The client is one of India’s leading consumer lending apps, providing a new way to manage finances. It is a financial ecosystem that enables the mid-income group to upgrade their lifestyle. They have launched a host of financial products such as short-term instant cash loans, long-term personal loans, Buy Now Pay Later plans and the salary card.
Project Objective – Marketing Analytics Platform
Business Values: Niveus, a premier partner of Google Cloud, helped the client to gain insights on customer behavior by tracking app activity patterns.
The solution helped them to track and collect customers data, and analyze the patterns of behaviors using Marketing analytics platform to provide a more seamless experience.

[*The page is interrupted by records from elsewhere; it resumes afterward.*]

(* Let $(X,\tau)$ be a topological space, $\delta$ a quasi-proximity on $X$ compatible with $\tau$ such that $\mathcal{V}_\delta$ is transitive, and $\mathcal{B}=\mathcal{B}(\mathcal{V}_\delta)$. Let $\{U_i:i\in I\}$ be a nonempty family of transitive relations on $X$ containing the diagonal, closed under finite intersections, and let $\mathcal{V}$ be the filter on $X\times X$ generated by $\mathcal{V}_\delta\cup\{U_i:i\in I\}$. Then $\mathcal{V}\in\pi(\delta)$ if and only if $U_i(A)\in\mathcal{B}$ for every $i\in I$ and every $A\subseteq X$.
   Context: Quasi-uniformities and quasi-proximities are in the sense of Fletcher–Lindgren; $\delta$ compatible with $\tau$ means $\tau(\delta)=\tau$. For a quasi-proximity $\delta$, $\pi(\delta)$ is the set of quasi-uniformities $\mathcal{V}$ with $\delta(\mathcal{V})=\delta$, and $\mathcal{V}_\delta$ is its coarsest element (totally bounded). A quasi-uniformity is transitive if it has a base of transitive entourages. For $U\subseteq X\times X$, $U(x)=\{y:(x,y)\in U\}$ and $U(A)=\bigcup_{a\in A}U(a)$. For $N\subseteq X$, $U_N=(N\times N)\cup((X\setminus N)\times X)$, and $\mathcal{B}(\mathcal{W})=\{N\in\tau:U_N\in\mathcal{W}\}$; for $\mathcal{W}=\mathcal{V}_\delta$ transitive this is an l-base (a base of $\tau$ closed under finite unions and intersections containing $\emptyset,X$). *)

theory Defs
  imports "HOL-Analysis.Analysis"
begin
lemma sdr_glue:
  assumes "A \<subseteq> X" and f: "sdr A (\<lambda>x. N x \<inter> Y) f" and g: "sdr (X - A) (\<lambda>x. N x - Y) g"
  shows "sdr X N (\<lambda>x. if x \<in> A then f x else g x)"
  unfolding sdr_def
proof
  show "inj_on (\<lambda>x. if x \<in> A then f x else g x) X"
  proof (rule inj_onI)
    fix u v
    assume uv: "u \<in> X" "v \<in> X"
      and eq: "(if u \<in> A then f u else g u) = (if v \<in> A then f v else g v)"
    have sep: "f a \<noteq> g b" if "a \<in> A" "b \<in> X - A" for a b
      using f g that unfolding sdr_def by (metis DiffD2 IntD2)
    show "u = v"
    proof (cases "u \<in> A"; cases "v \<in> A")
      assume "u \<in> A" "v \<in> A"
      then show ?thesis
        using eq f unfolding sdr_def by (auto dest: inj_onD)
    next
      assume "u \<notin> A" "v \<notin> A"
      then show ?thesis
        using eq uv g unfolding sdr_def by (auto dest: inj_onD)
    qed (use eq uv sep in \<open>auto simp: eq_commute\<close>)
  qed
  show "\<forall>x\<in>X. (if x \<in> A then f x else g x) \<in> N x"
    using f g unfolding sdr_def by auto
qed

lemma hall_condition_Diff_critical:
  assumes "finite X" "\<forall>x\<in>X. finite (N x)" "hall_condition X N"
    and "A \<subseteq> X" "card A = card (\<Union>(N ` A))"
  shows "hall_condition (X - A) (\<lambda>x. N x - \<Union>(N ` A))"
  unfolding hall_condition_def
proof (intro allI impI)
  fix B assume B: "B \<subseteq> X - A"
  have BA: "B \<union> A \<subseteq> X"
    using assms(4) B by blast
  have "finite A" "finite B"
    using assms(1,4) B by (auto intro: finite_subset)
  with BA have fin: "finite A" "finite B" "finite (\<Union>(N ` (B \<union> A)))"
    using assms(2) by auto
  have "card B + card A = card (B \<union> A)"
    using B fin by (subst card_Un_disjoint) auto
  also have "\<dots> \<le> card (\<Union>(N ` (B \<union> A)))"
    using assms(3) BA unfolding hall_condition_def by blast
  also have "\<dots> = card (\<Union>(N ` (B \<union> A)) - \<Union>(N ` A)) + card (\<Union>(N ` A))"
  proof -
    have "card (\<Union>(N ` A)) \<le> card (\<Union>(N ` (B \<union> A)))"
      using fin(3) by (rule card_mono) auto
    moreover have "finite (\<Union>(N ` A))"
      using fin(3) by (rule finite_subset[rotated]) auto
    ultimately show ?thesis
      by (subst card_Diff_subset) auto
  qed
  also have "\<Union>(N ` (B \<union> A)) - \<Union>(N ` A) = \<Union>((\<lambda>x. N x - \<Union>(N ` A)) ` B)"
    by auto
  finally show "card B \<le> card (\<Union>((\<lambda>x. N x - \<Union>(N ` A)) ` B))"
    using assms(5) by linarith
qed

lemma hall_condition_Diff_point:
  assumes "hall_condition X N"
    and no_critical: "\<And>A. A \<subseteq> X \<Longrightarrow> A \<noteq> {} \<Longrightarrow> A \<noteq> X \<Longrightarrow> card A \<noteq> card (\<Union>(N ` A))"
    and "x \<in> X"
  shows "hall_condition (X - {x}) (\<lambda>z. N z - {y})"
  unfolding hall_condition_def
proof (intro allI impI)
  fix B assume B: "B \<subseteq> X - {x}"
  show "card B \<le> card (\<Union>((\<lambda>z. N z - {y}) ` B))"
  proof (cases "B = {}")
    case False
    have "B \<noteq> X" "B \<subseteq> X"
      using B \<open>x \<in> X\<close> by auto
    then have "card B < card (\<Union>(N ` B))"
      using assms(1) no_critical[of B] False unfolding hall_condition_def
      by (simp add: order_less_le)
    also have "\<dots> \<le> card (\<Union>(N ` B) - {y}) + 1"
      using diff_card_le_card_Diff[of "{y}" "\<Union>(N ` B)"] by simp
    also have "\<Union>(N ` B) - {y} = \<Union>((\<lambda>z. N z - {y}) ` B)"
      by auto
    finally show ?thesis by simp
  qed simp
qed

theorem hall_marriage:
  assumes "finite X" "\<forall>x\<in>X. finite (N x)" "hall_condition X N"
  shows "\<exists>f. sdr X N f"
  using assms
proof (induction "card X" arbitrary: X N rule: less_induct)
  case less
  show ?case
  proof (cases "\<exists>A. A \<subseteq> X \<and> A \<noteq> {} \<and> A \<noteq> X \<and> card A = card (\<Union>(N ` A))")
    case True
    then obtain A where A: "A \<subseteq> X" "A \<noteq> {}" "A \<noteq> X" "card A = card (\<Union>(N ` A))"
      by blast
    have finA: "finite A"
      using A(1) less.prems(1) by (rule finite_subset)
    have smaller: "card A < card X" "card (X - A) < card X"
      using A(1,2,3) less.prems(1) by (auto intro!: psubset_card_mono)
    have "\<exists>f. sdr A N f"
      using less.hyps[OF smaller(1) finA] less.prems(2) A(1)
        hall_condition_subset[OF less.prems(3) A(1)] by blast
    moreover have "\<exists>g. sdr (X - A) (\<lambda>x. N x - \<Union>(N ` A)) g"
      by (rule less.hyps[OF smaller(2) finite_Diff[OF less.prems(1)]])
        (use less.prems(2) hall_condition_Diff_critical[OF less.prems A(1,4)] in auto)
    ultimately obtain f g where "sdr A N f" and g: "sdr (X - A) (\<lambda>x. N x - \<Union>(N ` A)) g"
      by blast
    then have f: "sdr A (\<lambda>x. N x \<inter> \<Union>(N ` A)) f"
      unfolding sdr_def by blast
    show ?thesis
      using sdr_glue[OF A(1) f g] by blast
  next
    case no_critical: False
    show ?thesis
    proof (cases "X = {}")
      case True
      have "sdr {} N f" for f
        by (simp add: sdr_def)
      then show ?thesis
        using True by blast
    next
      case False
      then obtain x where x: "x \<in> X" by blast
      have "card {x} \<le> card (\<Union>(N ` {x}))"
        using less.prems(3) x unfolding hall_condition_def by blast
      then obtain y where y: "y \<in> N x" by fastforce
      have smaller: "card (X - {x}) < card X"
        using less.prems(1) x by (rule card_Diff1_less)
      have "hall_condition (X - {x}) (\<lambda>z. N z - {y})"
        using no_critical by (intro hall_condition_Diff_point[OF less.prems(3) _ x]) blast
      then have "\<exists>g. sdr (X - {x}) (\<lambda>z. N z - {y}) g"
        by (intro less.hyps[OF smaller finite_Diff[OF less.prems(1)]]) (use less.prems(2) in auto)
      then obtain g where g: "sdr (X - {x}) (\<lambda>z. N z - {y}) g" ..
      have sub: "{x} \<subseteq> X"
        using x by blast
      have one: "sdr {x} (\<lambda>z. N z \<inter> {y}) (\<lambda>_. y)"
        using y unfolding sdr_def by simp
      show ?thesis
        using sdr_glue[OF sub one g] by blast
    qed
  qed
qed


section \<open>Dense bipartite graphs\<close>

lemma card_Image_singleton: "card (G `` {a}) = card (G \<inter> {a} \<times> UNIV)"
proof -
  have "G \<inter> {a} \<times> UNIV = Pair a ` (G `` {a})"
    by auto
  moreover have "inj_on (Pair a) (G `` {a})"
    by (rule inj_onI) simp
  ultimately show ?thesis
    by (simp add: card_image)
qed

lemma card_converse_Image_singleton: "card (G\<inverse> `` {b}) = card (G \<inter> UNIV \<times> {b})"
proof -
  have "G \<inter> UNIV \<times> {b} = (\<lambda>a. (a, b)) ` (G\<inverse> `` {b})"
    by auto
  moreover have "inj_on (\<lambda>a. (a, b)) (G\<inverse> `` {b})"
    by (rule inj_onI) simp
  ultimately show ?thesis
    by (simp add: card_image)
qed

lemma card_Diff_Image_less:
  assumes "finite Y" "A \<subseteq> X" "s \<le> card A"
    and rectangles: "\<forall>A\<subseteq>X. \<forall>B\<subseteq>Y. card A = s \<longrightarrow> card B = s \<longrightarrow> A \<times> B \<inter> G \<noteq> {}"
  shows "card (Y - G `` A) < s"
proof (rule ccontr)
  assume "\<not> card (Y - G `` A) < s"
  then obtain B where B: "B \<subseteq> Y - G `` A" "card B = s"
    by (meson not_less obtain_subset_with_card_n)
  obtain A' where A': "A' \<subseteq> A" "card A' = s"
    using assms(3) by (meson obtain_subset_with_card_n)
  then have "A' \<times> B \<inter> G \<noteq> {}"
    using rectangles assms(2) B by blast
  then show False
    using A' B by blast
qed
(* Let $M$ be a countable transitive model of $\mathrm{ZFU}_R$, let $\mathbb{P} \in M$ be a forcing poset, and let $G$ be an $M$-generic filter over $\mathbb{P}$. Then $M[G] = M[G]_{\#}$, i.e. the generic extension built from the new $\mathbb{P}$-names coincides with the generic extension built from the old $\mathbb{P}$-names in which each urelement is its own name.
   Context: $\mathrm{ZFU}_R$ is ZF with urelements formulated with Replacement: Axiom $\mathcal{A}$ (urelements have no members), Extensionality for sets, Foundation, Pairing, Union, Powerset, Separation, Infinity, and Replacement. Old names: $\tau$ is a $\mathbb{P}$-name$_{\#}$ iff $\tau$ is a urelement or a set of pairs $\langle \sigma, p\rangle$ with $\sigma$ a $\mathbb{P}$-name$_{\#}$ and $p \in \mathbb{P}$; $M^{\mathbb{P}}_{\#}$ is the class of such names in $M$; $\tau_G = \tau$ if $\tau$ is a urelement, and otherwise $\tau_G = \{\sigma_G : \exists p \in G\ \langle \sigma, p\rangle \in \tau\}$; $M[G]_{\#} = \{\tau_G : \tau \in M^{\mathbb{P}}_{\#}\}$. New names: $\dot{x}$ is a $\mathbb{P}$-name iff (i) $\dot{x}$ is a set of pairs $\langle y, p\rangle$ with $p \in \mathbb{P}$ and $y$ either a $\mathbb{P}$-name or a urelement, and (ii) whenever $\langle a, p\rangle, \langle y, q\rangle \in \dot{x}$ with $a$ a urelement and $a \neq y$, $p$ and $q$ are incompatible; $M^{\mathbb{P}}$ is the class of such names in $M$; $\dot{x}_G = a$ if $a$ is a urelement with $\langle a, p\rangle \in \dot{x}$ for some $p \in G$, and otherwise $\dot{x}_G = \{\dot{y}_G : \langle \dot{y}, p\rangle \in \dot{x},\ \dot{y} \in M^{\mathbb{P}},\ p \in G\}$; $M[G] = \{\dot{x}_G : \dot{x} \in M^{\mathbb{P}}\}$. *)

theory Defs
  imports "HOL-Library.Countable_Set_Type"
begin

text \<open>A countable transitive model and everything built from it (names, their
 evaluations, M[G]) consist of hereditarily countable objects, so the ambient
 universe is taken to be the hereditarily countable sets over a type 'a of urelements.\<close>

datatype 'a hc = Ur 'a | St "'a hc cset"

definition is_ur :: "'a hc \<Rightarrow> bool" where
  "is_ur x \<longleftrightarrow> (case x of Ur _ \<Rightarrow> True | St _ \<Rightarrow> False)"

definition mem :: "'a hc \<Rightarrow> 'a hc \<Rightarrow> bool" where
  "mem y x \<longleftrightarrow> (case x of Ur _ \<Rightarrow> False | St s \<Rightarrow> cin y s)"

definition memrel :: "('a hc \<times> 'a hc) set" where
  "memrel = {(y, x). mem y x}"

definition kpair :: "'a hc \<Rightarrow> 'a hc \<Rightarrow> 'a hc" where
  "kpair x y = St (cinsert (St (csingle x)) (csingle (St (cinsert x (csingle y)))))"

definition kfst :: "'a hc \<Rightarrow> 'a hc" where
  "kfst z = (THE x. \<exists>y. z = kpair x y)"

datatype fm = FMem nat nat | FEq nat nat | FUr nat | FNeg fm | FAnd fm fm | FEx fm

fun sat :: "'a hc set \<Rightarrow> (nat \<Rightarrow> 'a hc) \<Rightarrow> fm \<Rightarrow> bool" where
  "sat M env (FMem i j) = mem (env i) (env j)"
| "sat M env (FEq i j) = (env i = env j)"
| "sat M env (FUr i) = is_ur (env i)"
| "sat M env (FNeg \<phi>) = (\<not> sat M env \<phi>)"
| "sat M env (FAnd \<phi> \<psi>) = (sat M env \<phi> \<and> sat M env \<psi>)"
| "sat M env (FEx \<phi>) = (\<exists>x\<in>M. sat M (case_nat x env) \<phi>)"

definition ctm_ZFU_R :: "'a hc set \<Rightarrow> bool" where
  "ctm_ZFU_R M \<longleftrightarrow>
     countable M \<and>
     (\<forall>x\<in>M. \<forall>y. mem y x \<longrightarrow> y \<in> M) \<and>
     \<comment> \<open>Axiom A: urelements have no members\<close>
     (\<forall>x\<in>M. is_ur x \<longrightarrow> \<not> (\<exists>y\<in>M. mem y x)) \<and>
     \<comment> \<open>Extensionality for sets\<close>
     (\<forall>x\<in>M. \<forall>y\<in>M. \<not> is_ur x \<and> \<not> is_ur y \<and> (\<forall>z\<in>M. mem z x \<longleftrightarrow> mem z y) \<longrightarrow> x = y) \<and>
     \<comment> \<open>Foundation\<close>
     (\<forall>x\<in>M. (\<exists>y\<in>M. mem y x) \<longrightarrow> (\<exists>y\<in>M. mem y x \<and> \<not> (\<exists>z\<in>M. mem z y \<and> mem z x))) \<and>
     \<comment> \<open>Pairing\<close>
     (\<forall>x\<in>M. \<forall>y\<in>M. \<exists>z\<in>M. mem x z \<and> mem y z) \<and>
     \<comment> \<open>Union\<close>
     (\<forall>x\<in>M. \<exists>u\<in>M. \<forall>y\<in>M. \<forall>z\<in>M. mem z y \<and> mem y x \<longrightarrow> mem z u) \<and>
     \<comment> \<open>Powerset\<close>
     (\<forall>x\<in>M. \<exists>p\<in>M. \<forall>y\<in>M. \<not> is_ur y \<and> (\<forall>z\<in>M. mem z y \<longrightarrow> mem z x) \<longrightarrow> mem y p) \<and>
     \<comment> \<open>Separation (scheme, with parameters)\<close>
     (\<forall>\<phi> env. \<forall>x\<in>M. (\<forall>n. env n \<in> M) \<longrightarrow>
        (\<exists>y\<in>M. \<not> is_ur y \<and> (\<forall>z\<in>M. mem z y \<longleftrightarrow> mem z x \<and> sat M (case_nat z env) \<phi>))) \<and>
     \<comment> \<open>Infinity\<close>
     (\<exists>x\<in>M. (\<exists>e\<in>M. \<not> is_ur e \<and> (\<forall>z\<in>M. \<not> mem z e) \<and> mem e x) \<and>
        (\<forall>y\<in>M. mem y x \<longrightarrow> (\<exists>s\<in>M. mem s x \<and> \<not> is_ur s \<and> (\<forall>z\<in>M. mem z s \<longleftrightarrow> mem z y \<or> z = y)))) \<and>
     \<comment> \<open>Replacement (scheme, with parameters): variable 0 = u, variable 1 = v\<close>
     (\<forall>\<phi> env. \<forall>x\<in>M. (\<forall>n. env n \<in> M) \<longrightarrow>
        (\<forall>u\<in>M. mem u x \<longrightarrow> (\<exists>!v. v \<in> M \<and> sat M (case_nat u (case_nat v env)) \<phi>)) \<longrightarrow>
        (\<exists>y\<in>M. \<forall>u\<in>M. mem u x \<longrightarrow> (\<exists>v\<in>M. mem v y \<and> sat M (case_nat u (case_nat v env)) \<phi>)))"
(* Let $X$ be a vector lattice and let $l : X \to \mathbb{R}$ be a linear functional. Then $l$ is the sum of some pair of Riesz homomorphisms $X \to \mathbb{R}$ if and only if $l$ is positive and its kernel $\ker(l)$ is a Grothendieck subspace of $X$.
   Context: A Riesz homomorphism $X\to\mathbb{R}$ is a linear functional preserving finite lattice operations. A linear subspace $H$ of a vector lattice is called a Grothendieck subspace (or $G$-space) if for all $x, y \in H$ one has $x \vee y \vee 0 + x \wedge y \wedge 0 \in H$. *)

theory Defs
  imports "HOL-Analysis.Analysis"
begin

definition riesz_hom :: "('a::{ordered_real_vector, lattice} \<Rightarrow> real) \<Rightarrow> bool" where
  "riesz_hom f \<longleftrightarrow> linear f \<and>
     (\<forall>x y. f (sup x y) = max (f x) (f y)) \<and>
     (\<forall>x y. f (inf x y) = min (f x) (f y))"

definition positive_functional :: "('a::{ordered_real_vector, lattice} \<Rightarrow> real) \<Rightarrow> bool" where
  "positive_functional f \<longleftrightarrow> (\<forall>x. 0 \<le> x \<longrightarrow> 0 \<le> f x)"

definition G_space :: "('a::{ordered_real_vector, lattice}) set \<Rightarrow> bool" where
  "G_space H \<longleftrightarrow> subspace H \<and>
     (\<forall>x\<in>H. \<forall>y\<in>H. sup (sup x y) 0 + inf (inf x y) 0 \<in> H)"

end

theory Submission
  imports Defs "HOL-Library.Lattice_Algebras"
begin

text \<open>
  A linear functional that is positive and preserves disjointness (\<open>l a = 0\<close> or \<open>l b = 0\<close>
  whenever \<open>a \<sqinter> b = 0\<close>) is a Riesz homomorphism.

  If \<open>l = f + g\<close> with Riesz homomorphisms \<open>f, g\<close>, then \<open>g = -f\<close> on \<open>ker l\<close>, and
  \<open>(s, t) \<mapsto> max s t 0 + min s t 0\<close> is odd, so \<open>ker l\<close> is a Grothendieck subspace.

  Conversely, if \<open>ker l\<close> is a Grothendieck subspace, no three pairwise disjoint positive
  elements can all have positive value. So either \<open>l\<close> preserves disjointness, or there are
  disjoint \<open>u, v \<ge> 0\<close> with \<open>l u, l v > 0\<close>. In the latter case, for \<open>p \<ge> 0\<close> the value
  \<open>l (p \<sqinter> s v)\<close> no longer depends on \<open>s\<close> once \<open>s l v > l p\<close>. This defines the part \<open>g\<close> of \<open>l\<close>
  carried by the band of \<open>v\<close>, and again the three-element obstruction shows that both \<open>g\<close>
  and \<open>l - g\<close> preserve disjointness.
\<close>

text \<open>The sort \<open>{ordered_ab_group_add, lattice}\<close> has exactly the axioms of the class
  \<open>lattice_ab_group_add\<close>, so interpreting its class locale makes the lattice-ordered group
  library available for the type variable of the theorem.\<close>

interpretation lgroup: lattice_ab_group_add "(+)" "0::'a::{ordered_ab_group_add, lattice}"
  "(-)" uminus "(\<le>)" "(<)" inf sup
  by unfold_locales

lemma pos_part_minus_neg_part: "sup x 0 - sup (- x) 0 = (x :: 'a::{ordered_ab_group_add, lattice})"
proof -
  have "sup x 0 - sup (- x) 0 = sup x 0 + inf x 0"
    using lgroup.inf_eq_neg_sup[of x 0] by simp
  also have "\<dots> = x"
    by (rule lgroup.add_eq_inf_sup[of x 0, unfolded add_0_right, symmetric])
  finally show ?thesis .
qed

lemma inf_pos_part_neg_part: "inf (sup x 0) (sup (- x) 0) = (0 :: 'a::{ordered_ab_group_add, lattice})"
proof -
  have "sup x 0 - x = sup x 0 - (sup x 0 - sup (- x) 0)"
    by (simp only: pos_part_minus_neg_part)
  also have "\<dots> = sup (- x) 0" by simp
  finally have "inf (sup x 0) (sup (- x) 0) = inf (sup x 0 + 0) (sup x 0 + - x)" by simp
  also have "\<dots> = sup x 0 + inf 0 (- x)" by (rule lgroup.add_inf_distrib_left[symmetric])
  also have "\<dots> = sup x 0 - sup 0 x" using lgroup.inf_eq_neg_sup[of 0 "- x"] by simp
  finally show ?thesis by (simp add: sup_commute)
qed
(* Let $\{\mathcal M_\omega\}_{\omega\in\Omega}$ be a family of $\mathcal L$-structures, $\mathbf M=\prod_{\omega\in\Omega}M_\omega$, and let $E$ be an integration functional on $\mathcal A=[0,1]^\Omega$. Let $(\widehat{\mathbf M},\widehat{\mathcal A})$ be the $\mathcal L^R$-structure associated to $(\mathbf M,\mathcal A)$ and $[\cdot]$ the canonical map. Then $(\mathbf M,\mathcal A)$ is full, and for every $\mathcal L$-formula $\varphi(\bar x)$ and every $\bar{\mathbf a}\in\mathbf M^n$: $\big[\langle\varphi(\bar{\mathbf a})\rangle\big]=[\![\varphi([\bar{\mathbf a}])]\!]$ (the right-hand side computed in $(\widehat{\mathbf M},\widehat{\mathcal A})$).
   Context: $\mathcal L$ is a (single-sorted) signature of continuous first-order logic. An integration functional on $\mathcal A=[0,1]^\Omega$ is $E\colon\mathcal A\to[0,1]$ with $E(1)=1$ and $E(X+Y)=E(X)+E(Y)$ whenever $X,Y,X+Y\in\mathcal A$. For $\bar{\mathbf a}\in\mathbf M^n$ and a formula $\varphi$, $\langle\varphi(\bar{\mathbf a})\rangle\in[0,1]^\Omega$ is $\omega\mapsto\varphi^{\mathcal M_\omega}(\bar{\mathbf a}(\omega))$. The randomisation signature $\mathcal L^R$ has a main sort carrying all function symbols of $\mathcal L$ (same continuity moduli), an auxiliary sort carrying $\{0,\neg,\tfrac12,\dotminus\}$, and for each predicate symbol $P$ of $\mathcal L$ a function symbol $[\![P]\!]$ from the main sort(s) to the auxiliary sort. $(\mathbf M,\mathcal A)$ is an $\mathcal L^R$-pre-structure: function symbols act pointwise on $\mathbf M$, $[\![P]\!](\bar{\mathbf a})=\langle P(\bar{\mathbf a})\rangle$, connectives act pointwise on $\mathcal A$ ($\neg X=1-X$, $\tfrac12X=X/2$, $X\dotminus Y=\max(X-Y,0)$), with pseudo-metrics $d(\mathbf a,\mathbf b)=E\langle d(\mathbf a,\mathbf b)\rangle$ and $d(X,Y)=E|X-Y|$. The associated structure $(\widehat{\mathbf M},\widehat{\mathcal A})$ is the completion of the quotient by distance zero; $[\cdot]$ is the canonical map, and $\widehat{\mathcal A}\cong L^1(\mathcal F,[0,1])$ for a probability space. $(\mathbf M,\mathcal A)$ is full if for all $\mathbf a,\mathbf b\in\mathbf M$, $X\in\mathcal A$ there is $\mathbf c\in\mathbf M$ with $\mathbf c(\omega)=\mathbf a(\omega)$ when $X(\omega)=1$ and $\mathbf c(\omega)=\mathbf b(\omega)$ when $X(\omega)=0$. In a structure with main sort $\mathbf N$ and auxiliary sort $L^1(\mathcal F,[0,1])$, $[\![\varphi]\!]$ is defined by induction: $[\![P(\bar\tau)]\!]=[\![P]\!](\bar\tau)$; $[\![\varphi\dotminus\psi]\!]=[\![\varphi]\!]\dotminus[\![\psi]\!]$, etc.; $[\![\inf_y\varphi(\bar x,y)]\!](\bar{\mathbf a})$ is the infimum in the complete lattice $L^1(\mathcal F,[0,1])$ of $\{[\![\varphi(\bar{\mathbf a},\mathbf b)]\!]:\mathbf b\in\mathbf N\}$, and similarly for $\sup$. *)

theory Defs
  imports "HOL-Analysis.Analysis"
begin

text \<open>The metric symbol
  d is treated separately (constructor Dist below).\<close>

record ('f, 'p) csig =
  farity :: "'f \<Rightarrow> nat"
  parity :: "'p \<Rightarrow> nat"
  fmod   :: "'f \<Rightarrow> real \<Rightarrow> real"
  pmod   :: "'p \<Rightarrow> real \<Rightarrow> real"

definition wf_csig :: "('f, 'p) csig \<Rightarrow> bool" where
  "wf_csig L \<longleftrightarrow> (\<forall>f e. e > 0 \<longrightarrow> fmod L f e > 0) \<and> (\<forall>p e. e > 0 \<longrightarrow> pmod L p e > 0)"

record ('m, 'f, 'p) lstruc =
  carrier :: "'m set"
  mdist   :: "'m \<Rightarrow> 'm \<Rightarrow> real"
  fint    :: "'f \<Rightarrow> 'm list \<Rightarrow> 'm"
  pint    :: "'p \<Rightarrow> 'm list \<Rightarrow> real"

definition tuples :: "'a set \<Rightarrow> nat \<Rightarrow> 'a list set" where
  "tuples S n = {xs. set xs \<subseteq> S \<and> length xs = n}"

definition is_lstruc :: "('f, 'p) csig \<Rightarrow> ('m, 'f, 'p) lstruc \<Rightarrow> bool" where
  "is_lstruc L S \<longleftrightarrow>
     carrier S \<noteq> {} \<and>
     Metric_space (carrier S) (mdist S) \<and>
     Metric_space.mcomplete (carrier S) (mdist S) \<and>
     (\<forall>x\<in>carrier S. \<forall>y\<in>carrier S. mdist S x y \<le> 1) \<and>
     (\<forall>f. \<forall>xs\<in>tuples (carrier S) (farity L f). fint S f xs \<in> carrier S) \<and>
     (\<forall>p. \<forall>xs\<in>tuples (carrier S) (parity L p). pint S p xs \<in> {0..1}) \<and>
     (\<forall>f e. e > 0 \<longrightarrow> (\<forall>xs\<in>tuples (carrier S) (farity L f). \<forall>ys\<in>tuples (carrier S) (farity L f).
         list_all2 (\<lambda>x y. mdist S x y < fmod L f e) xs ys \<longrightarrow> mdist S (fint S f xs) (fint S f ys) \<le> e)) \<and>
     (\<forall>p e. e > 0 \<longrightarrow> (\<forall>xs\<in>tuples (carrier S) (parity L p). \<forall>ys\<in>tuples (carrier S) (parity L p).
         list_all2 (\<lambda>x y. mdist S x y < pmod L p e) xs ys \<longrightarrow> \<bar>pint S p xs - pint S p ys\<bar> \<le> e))"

In collaboration with Niveus, the client was exploring Firebase analytics in BigQuery. They wanted to improve their current marketing strategy which would help them in tracking their customer journey from first stage to last stage using the application(Playstore/AppStore), to gain more insights on further customer behavior on app download patterns.
- Team Niveus identified and established connections for data sources to GCP
- We brought the acquired data into BigQuery and organized the data including sanitizing and transformation
- The Appsflyer data was analyzed to derive insights by understanding the behavioral pattern of user’s app activity such as install/uninstall, source of traffic and decrease in drop rate at various stages.
- Firebase is used as a backend service for the client’s application (Android & iOS). This will be linked with the BigQuery account project.
- The client’s marketing activity data is stored in Mobile attribution and marketing analytics platform. A Dataflow batch ETL job would be used to ingest data into BigQuery.
- GCS Dataprep service will be used to clean and perform data cleansing, formatting & doing initial transformations on the data. The analytics result will be BigQuery view made available as the end result to client.
- Dataflow streaming pipeline job would be used to ingest transformed data into BigQuery Compute Layer. Data model for the queries will be built and stored as BigQuery materialized views.